IBM has announced the imminent general availability of IBM Spyre Accelerator – an AI accelerator enabling low-latency inferencing to support generative and agentic AI use cases while prioritising the security and resilience of core workloads.

Earlier this year, IBM announced the Spyre Accelerator would be available in IBM z17, LinuxONE 5, and Power11 systems. The company says Spyre will now be generally available on 28 October for IBM z17 and LinuxONE 5 systems, and in early December for Power11 servers.

Today’s IT landscape is changing from traditional logic workflows to agentic AI inferencing.

AI agents require low-latency inference and realtime system responsiveness. IBM recognised the need for mainframes and servers to run AI models along with the most demanding enterprise workloads without compromising on throughput. To address this demand, clients need AI inferencing hardware that supports generative and agentic AI while maintaining the security and resilience of core data, transactions, and applications.

The accelerator is also built to enable clients to keep mission-critical data on-prem to mitigate risk while addressing operational and energy efficiency.

Initially introduced as a prototype chip, Spyre was refined through rapid iteration, including cluster deployments at IBM’s Yorktown Heights campus, and with collaborators like the University at Albany’s Center for Emerging Artificial Intelligence Systems.

The IBM Research prototype has evolved into an enterprise-grade product for use in IBM Z, LinuxONE and Power systems.

Today, the Spyre Accelerator is a commercial system-on-a-chip with 32 individual accelerator cores and 25,6-billion transistors. Produced using 5nm node technology, each Spyre is mounted on a 75-watt PCIe card, which makes it possible to cluster up to 48 cards in an IBM Z or LinuxONE system or 16 cards in an IBM Power system to scale AI capabilities.
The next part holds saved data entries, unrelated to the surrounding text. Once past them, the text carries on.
lemma card_decoded_type_class_le_list_size:
  fixes enc :: "nat \<Rightarrow> 'x::finite list" and dec :: "'a::finite list \<Rightarrow> nat set"
  assumes code: "list_code P n M L \<alpha> enc dec" and n: "0 < n" and N: "(\<Sum>s\<in>UNIV. N s) = n"
  shows "real (card (decoded_type_class n M enc dec N))
    \<le> real L * 2 powr (real n * entropy2 (\<lambda>a. real (type_marg_A N a) / real n))"
proof -
  define T where "T = {as :: 'a list. length as = n \<and> (\<forall>a. card {i\<in>{..<n}. as ! i = a} = type_marg_A N a)}"
  have fin_T: "finite T"
    unfolding T_def by (rule finite_subset[OF _ finite_lists_length_UNIV[of n]]) auto
  have dec: "\<And>as. length as = n \<Longrightarrow> dec as \<subseteq> {..<M} \<and> card (dec as) = L"
    using code by (simp add: list_code_def)
  have "(m, as) \<in> prod.swap ` Sigma T dec" if "(m, as) \<in> decoded_type_class n M enc dec N" for m as
  proof -
    from that have "length as = n" "m \<in> dec as" "joint_type n (enc m) as = N"
      by (auto simp: decoded_type_class_def decoded_pairs_def)
    then have "as \<in> T"
      unfolding T_def using card_positions_eq_type_marg_A[where xs = "enc m" and as = as] by auto
    with \<open>m \<in> dec as\<close> show ?thesis
      by force
  qed
  moreover have "finite (Sigma T dec)"
    using fin_T dec by (intro finite_SigmaI) (auto simp: T_def intro: finite_subset)
  ultimately have "card (decoded_type_class n M enc dec N) \<le> card (prod.swap ` Sigma T dec)"
    by (intro card_mono finite_imageI) auto
  also have "\<dots> = card (Sigma T dec)"
    by (simp add: card_image)
  also have "\<dots> = (\<Sum>as\<in>T. card (dec as))"
    using fin_T dec by (intro card_SigmaI) (auto simp: T_def intro: finite_subset)
  also have "\<dots> = card T * L"
    using dec by (simp add: T_def)
  finally have "real (card (decoded_type_class n M enc dec N)) \<le> real (card T) * real L"
    by (simp flip: of_nat_mult)
  also have "\<dots> \<le> 2 powr (real n * entropy2 (\<lambda>a. real (type_marg_A N a) / real n)) * real L"
    unfolding T_def using N by (intro mult_right_mono card_type_class_le n) (simp_all add: sum_type_marg_A)
  finally show ?thesis
    by (simp add: mult.commute)
qed

lemma exponent_of_two_counting_bounds:
  fixes n R RL h u lp D I :: real
  assumes by_messages: "c \<le> 2 powr (n * R) * 2 powr h"
    and by_lists: "c \<le> 2 powr (n * RL) * 2 powr u"
    and D: "n * D = - (h + lp)" and I: "n * I = u - h"
  shows "c * 2 powr lp \<le> 2 powr (n * R) * 2 powr (- (n * (D + max (R - RL - I) 0)))"
proof (cases "R - RL - I \<le> 0")
  case True
  have "c * 2 powr lp \<le> 2 powr (n * R) * 2 powr h * 2 powr lp"
    using by_messages by (rule mult_right_mono) simp
  also have "\<dots> = 2 powr (n * R) * 2 powr (- (n * D))"
    using D by (simp add: powr_add[symmetric] ac_simps)
  finally show ?thesis
    using True by simp
next
  case False
  have "c * 2 powr lp \<le> 2 powr (n * RL) * 2 powr u * 2 powr lp"
    using by_lists by (rule mult_right_mono) simp
  also have "\<dots> = 2 powr (n * R) * 2 powr (- (n * (D + (R - RL - I))))"
  proof -
    have "n * RL + u + lp = n * R + - (n * (D + (R - RL - I)))"
      using D I unfolding distrib_left right_diff_distrib by linarith
    then show ?thesis
      by (simp only: powr_add[symmetric])
  qed
  finally show ?thesis
    using False by simp
qed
“One of our key priorities has been advancing infrastructure to meet the demands of new and emerging AI workloads,” says Barry Baker, COO, IBM Infrastructure & GM, IBM Systems. “With the Spyre Accelerator, we’re extending the capabilities of our systems to support multi-model AI – including generative and agentic AI. This innovation positions clients to scale their AI-enabled mission-critical workloads with uncompromising security, resilience, and efficiency while unlocking the value of their enterprise data.”

Mukesh Khare, GM of IBM Semiconductors and vice-president of Hybrid Cloud at IBM, adds: “We launched the IBM Research AI Hardware Centre in 2019 with a mission to meet the rising computational demands of AI, even before the surge in LLMs and AI models we’ve recently seen. Now, amid increasing demand for advanced AI capabilities, we’re proud to see the first chip from the centre enter commercialisation, designed to deliver improved performance and productivity to IBM’s mainframe and server clients.”